What lines below hold the string "using"? Copy them all.

RECORD SET START

text \<open>For \<open>M = B B\<^sup>T\<close> this is controllability of the pair \<open>(A, B)\<close>: no nonzero vector is
  orthogonal to all columns of all the matrices \<open>A\<^sup>j B\<close>.\<close>

definition controllable :: "real^'n^'n \<Rightarrow> real^'n^'n \<Rightarrow> bool" where
  "controllable A M \<longleftrightarrow> (\<forall>x. x \<noteq> 0 \<longrightarrow>
     (\<exists>j. 0 < (mat_pow (transpose A) j *v x) \<bullet> (M *v (mat_pow (transpose A) j *v x))))"

lemma controllableI_pos_def:
  assumes "\<And>x. x \<noteq> 0 \<Longrightarrow> 0 < x \<bullet> (M *v x)"
  shows "controllable A M"
  unfolding controllable_def using assms by (intro allI impI exI[of _ 0]) simp

lemma krylov_dim_full_orthogonal:
  fixes A :: "real^'n^'n"
  assumes "krylov_dim A u = CARD('n)" and "\<And>j. x \<bullet> (mat_pow A j *v u) = 0"
  shows "x = (0 :: real^'n)"
proof -
  have "dim (range (\<lambda>j. mat_pow A j *v u)) = DIM(real^'n)"
    using assms(1) unfolding krylov_dim_def by simp
  then have "span (range (\<lambda>j. mat_pow A j *v u)) = UNIV"
    by (simp only: dim_eq_full)
  then have "orthogonal x x"
    by (intro orthogonal_to_span[of x]) (auto simp: Linear_Algebra.orthogonal_def assms(2))
  then show ?thesis by (simp add: Linear_Algebra.orthogonal_def)
qed
(* Let $n \ge 3$, let $k,\ell \in \mathbb{N}_0$, $1 \le a_1 < \cdots < a_k < n$, $0 \le b_1 < \cdots < b_\ell < n$, and suppose the set $C=\{r^{a_1},\ldots,r^{a_k}, r^{b_1}s, \ldots, r^{b_\ell}s\}$ is closed under inversion in $\mathrm{Dih}(n)$. Let $G = \mathrm{Cay}(\mathrm{Dih}(n), C)$. For each $n$-th root of unity $\zeta$ let \[ A_\zeta = \begin{bmatrix} \sum_{j=1}^k \zeta^{a_j} & \sum_{j=1}^\ell \zeta^{-b_j} \\ \sum_{j=1}^\ell \zeta^{b_j} & \sum_{j=1}^k \zeta^{a_j}\end{bmatrix}. \] Then $G$ is a nut graph if and only if exactly one of the matrices $A_\zeta$ has $0$ as a simple eigenvalue, while all the other $A_\zeta$ are invertible.
   Context: $\mathrm{Dih}(n) = \langle r, s \mid r^n = s^2 = e,\ srs = r^{-1}\rangle$ is the dihedral group of order $2n$. For a finite group $\Gamma$ with identity $e$ and $C \subseteq \Gamma\setminus\{e\}$ closed under inversion, $\mathrm{Cay}(\Gamma, C)$ is the graph with vertex set $\Gamma$ in which $u,v$ are adjacent iff $vu^{-1}\in C$. A nut graph is a graph with at least two vertices whose adjacency matrix has eigenvalue $0$ with multiplicity exactly one, such that the corresponding eigenvector has no zero entries. *)

theory Defs
  imports "Jordan_Normal_Form.Char_Poly" "HOL-Computational_Algebra.Polynomial"
begin

text \<open>Dihedral group Dih(n) of order 2n. The element r^i s^t (0 \<le> i < n, t \<in> {0,1})
  is represented by the pair (i, t) with t :: bool (True meaning the factor s is present).\<close>

definition dih_carrier :: "nat \<Rightarrow> (nat \<times> bool) set" where
  "dih_carrier n = {0..<n} \<times> UNIV"

definition dih_e :: "(nat \<times> bool)" where
  "dih_e = (0, False)"

text \<open>(r^i s^a)(r^j s^b) = r^(i + (-1)^a j) s^(a+b), using s r^j = r^(-j) s.\<close>
definition dih_mult :: "nat \<Rightarrow> (nat \<times> bool) \<Rightarrow> (nat \<times> bool) \<Rightarrow> (nat \<times> bool)" where
  "dih_mult n x y = (case x of (i, a) \<Rightarrow> case y of (j, b) \<Rightarrow>
     ((if a then i + (n - j) else i + j) mod n, a \<noteq> b))"

definition dih_inv :: "nat \<Rightarrow> (nat \<times> bool) \<Rightarrow> (nat \<times> bool)" where
  "dih_inv n x = (case x of (i, a) \<Rightarrow> if a then (i, True) else ((n - i) mod n, False))"

definition dih_cay_adj :: "nat \<Rightarrow> (nat \<times> bool) set \<Rightarrow> (nat \<times> bool) \<Rightarrow> (nat \<times> bool) \<Rightarrow> bool" where
  "dih_cay_adj n C u v \<longleftrightarrow> dih_mult n v (dih_inv n u) \<in> C"

definition dih_vertex :: "nat \<Rightarrow> nat \<Rightarrow> (nat \<times> bool)" where
  "dih_vertex n k = (k mod n, n \<le> k)"

definition dih_cay_adj_matrix :: "nat \<Rightarrow> (nat \<times> bool) set \<Rightarrow> real mat" where
  "dih_cay_adj_matrix n C = mat (2 * n) (2 * n)
     (\<lambda>(k, l). if dih_cay_adj n C (dih_vertex n k) (dih_vertex n l) then 1 else 0)"

definition mult_zero_eig :: "'a :: field mat \<Rightarrow> nat" where
  "mult_zero_eig M = order 0 (char_poly M)"

definition is_nut_adj :: "real mat \<Rightarrow> bool" where
  "is_nut_adj M \<longleftrightarrow> dim_row M \<ge> 2 \<and> mult_zero_eig M = 1 \<and>
     (\<forall>v \<in> carrier_vec (dim_col M). v \<noteq> 0\<^sub>v (dim_col M) \<and> M *\<^sub>v v = 0\<^sub>v (dim_row M)
        \<longrightarrow> (\<forall>i < dim_col M. v $ i \<noteq> 0))"

definition dih_conn :: "nat set \<Rightarrow> nat set \<Rightarrow> (nat \<times> bool) set" where
  "dih_conn A B = (\<lambda>a. (a, False)) ` A \<union> (\<lambda>b. (b, True)) ` B"

definition A_zeta :: "nat set \<Rightarrow> nat set \<Rightarrow> complex \<Rightarrow> complex mat" where
  "A_zeta A B z = mat 2 2 (\<lambda>(i, j).
     if i = j then (\<Sum>a\<in>A. z ^ a)
     else if i = 0 then (\<Sum>b\<in>B. inverse z ^ b)
     else (\<Sum>b\<in>B. z ^ b))"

RECORD SET END

- **SOLUTION FOR THIS EXERCISE**
  unfolding controllable_def using assms by (intro allI impI exI[of _ 0]) simp
    using assms(1) unfolding krylov_dim_def by simp
text \<open>(r^i s^a)(r^j s^b) = r^(i + (-1)^a j) s^(a+b), using s r^j = r^(-j) s.\<close>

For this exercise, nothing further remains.